Directions:
The required result is a copy of each line below in which "then" appears.

Available data:
lemma card_good_steps_ge:
  fixes w :: "real list" and c :: real
  assumes "sorted w" "set w \<subseteq> {0..<1}" "finite A" "c > 0"
  shows "real (length w) - 1 - 1/c - real (card A) / real (Suc r)
           \<le> real (card {i. Suc i < length w \<and> w!Suc i - w!i \<le> c \<and> card (A \<inter> {w!i<..w!Suc i}) \<le> r})"
    (is "_ \<le> real (card ?good)")
proof -
  define long where "long = {i. Suc i < length w \<and> c < w!Suc i - w!i}"
  define crowded where "crowded = {i. Suc i < length w \<and> r < card (A \<inter> {w!i<..w!Suc i})}"
  have "{..<length w - 1} \<subseteq> ?good \<union> long \<union> crowded"
    by (auto simp: long_def crowded_def)
  moreover have "finite (?good \<union> long \<union> crowded)"
    by (rule finite_subset[of _ "{..<length w}"]) (auto simp: long_def crowded_def)
  ultimately have "card {..<length w - 1} \<le> card (?good \<union> long \<union> crowded)"
    by (intro card_mono)
  then have "length w - 1 \<le> card (?good \<union> long \<union> crowded)"
    by simp
  also have "\<dots> \<le> card ?good + card long + card crowded"
    using card_Un_le[of "?good \<union> long" crowded] card_Un_le[of ?good long] by linarith
  finally have cover: "real (length w) - 1 \<le> card ?good + card long + card crowded"
    by linarith
  have "real (card long) * c \<le> 1"
    unfolding long_def using assms(1,2) by (rule card_long_steps_le)
  then have long: "real (card long) \<le> 1 / c"
    using assms(4) by (simp add: field_simps)
  have "real (card crowded) * real (Suc r) \<le> (\<Sum>i<length w - 1. real (card (A \<inter> {w!i<..w!Suc i})))"
    unfolding crowded_def by (intro card_mult_le_sum) auto
  also have "\<dots> \<le> real (card A)"
    using sum_card_between_steps_le[OF assms(1,3)] by (metis of_nat_le_iff of_nat_sum)
  finally have crowded: "real (card crowded) \<le> real (card A) / real (Suc r)"
    by (simp add: field_simps)
  show ?thesis
    using cover long crowded by linarith
qed

lemma card_le_card_image_add_card_collisions:
  assumes "finite J"
  shows "card J \<le> card (x ` J) + card {(l, m). l \<in> J \<and> m \<in> J \<and> l \<noteq> m \<and> x l = x m}"
proof -
  define p where "p = inv_into J x"
  have p: "p (x l) \<in> J" "x (p (x l)) = x l" if "l \<in> J" for l
    using that by (simp_all add: p_def inv_into_into f_inv_into_f)
  have "card (p ` x ` J) = card (x ` J)"
    unfolding p_def by (intro card_image inj_on_inv_into) simp
  moreover have "p ` x ` J \<subseteq> J"
    using p(1) by blast
  ultimately have card_J: "card J = card (J - p ` x ` J) + card (x ` J)"
    using assms card_image_le[OF assms, of x] by (simp add: card_Diff_subset finite_subset)
  have "(\<lambda>l. (l, p (x l))) ` (J - p ` x ` J) \<subseteq> {(l, m). l \<in> J \<and> m \<in> J \<and> l \<noteq> m \<and> x l = x m}"
    using p by force
  moreover have "inj_on (\<lambda>l. (l, p (x l))) (J - p ` x ` J)"
    by (rule inj_onI) simp
  moreover have "finite {(l, m). l \<in> J \<and> m \<in> J \<and> l \<noteq> m \<and> x l = x m}"
    by (rule finite_subset[of _ "J \<times> J"]) (use assms in auto)
  ultimately have "card (J - p ` x ` J) \<le> card {(l, m). l \<in> J \<and> m \<in> J \<and> l \<noteq> m \<and> x l = x m}"
    by (intro card_inj_on_le)
  then show ?thesis
    using card_J by linarith
qed

lemma card_le_card_pairs_with_values:
  assumes "finite J" "inj_on a I" "\<And>i. i \<in> I \<Longrightarrow> a i \<in> x ` J \<and> b i \<in> x ` J \<and> a i \<noteq> b i"
  shows "card I \<le> card {(l, m). l \<in> J \<and> m \<in> J \<and> l \<noteq> m \<and> (\<exists>i\<in>I. x l = a i \<and> x m = b i)}"
proof -
  define p where "p = inv_into J x"
  have p: "p v \<in> J" "x (p v) = v" if "v \<in> x ` J" for v
    using that by (simp_all add: p_def inv_into_into f_inv_into_f)
  have "inj_on (\<lambda>i. (p (a i), p (b i))) I"
  proof (rule inj_onI)
    fix i j assume "i \<in> I" "j \<in> I" "(p (a i), p (b i)) = (p (a j), p (b j))"
    then have "x (p (a i)) = x (p (a j))" "a i \<in> x ` J" "a j \<in> x ` J"
      using assms(3) by simp_all
    then have "a i = a j"
      using p(2) by metis
    then show "i = j"
      using assms(2) \<open>i \<in> I\<close> \<open>j \<in> I\<close> by (simp add: inj_on_eq_iff)
  qed
  moreover have "(\<lambda>i. (p (a i), p (b i))) ` I
      \<subseteq> {(l, m). l \<in> J \<and> m \<in> J \<and> l \<noteq> m \<and> (\<exists>i\<in>I. x l = a i \<and> x m = b i)}"
  proof
    fix q assume "q \<in> (\<lambda>i. (p (a i), p (b i))) ` I"
    then obtain i where "i \<in> I" "q = (p (a i), p (b i))"
      by blast
    moreover have "x (p (a i)) = a i" "x (p (b i)) = b i" "p (a i) \<in> J" "p (b i) \<in> J"
      using assms(3)[OF \<open>i \<in> I\<close>] p by simp_all
    ultimately show "q \<in> {(l, m). l \<in> J \<and> m \<in> J \<and> l \<noteq> m \<and> (\<exists>i\<in>I. x l = a i \<and> x m = b i)}"
      using assms(3)[OF \<open>i \<in> I\<close>] by auto
  qed
  moreover have "finite {(l, m). l \<in> J \<and> m \<in> J \<and> l \<noteq> m \<and> (\<exists>i\<in>I. x l = a i \<and> x m = b i)}"
    by (rule finite_subset[of _ "J \<times> J"]) (use assms(1) in auto)
  ultimately show ?thesis
    by (rule card_inj_on_le)
qed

Written response:
  then have "length w - 1 \<le> card (?good \<union> long \<union> crowded)"
  then have long: "real (card long) \<le> 1 / c"
  then show ?thesis
    then have "x (p (a i)) = x (p (a j))" "a i \<in> x ` J" "a j \<in> x ` J"
    then have "a i = a j"
    then show "i = j"
    then obtain i where "i \<in> I" "q = (p (a i), p (b i))"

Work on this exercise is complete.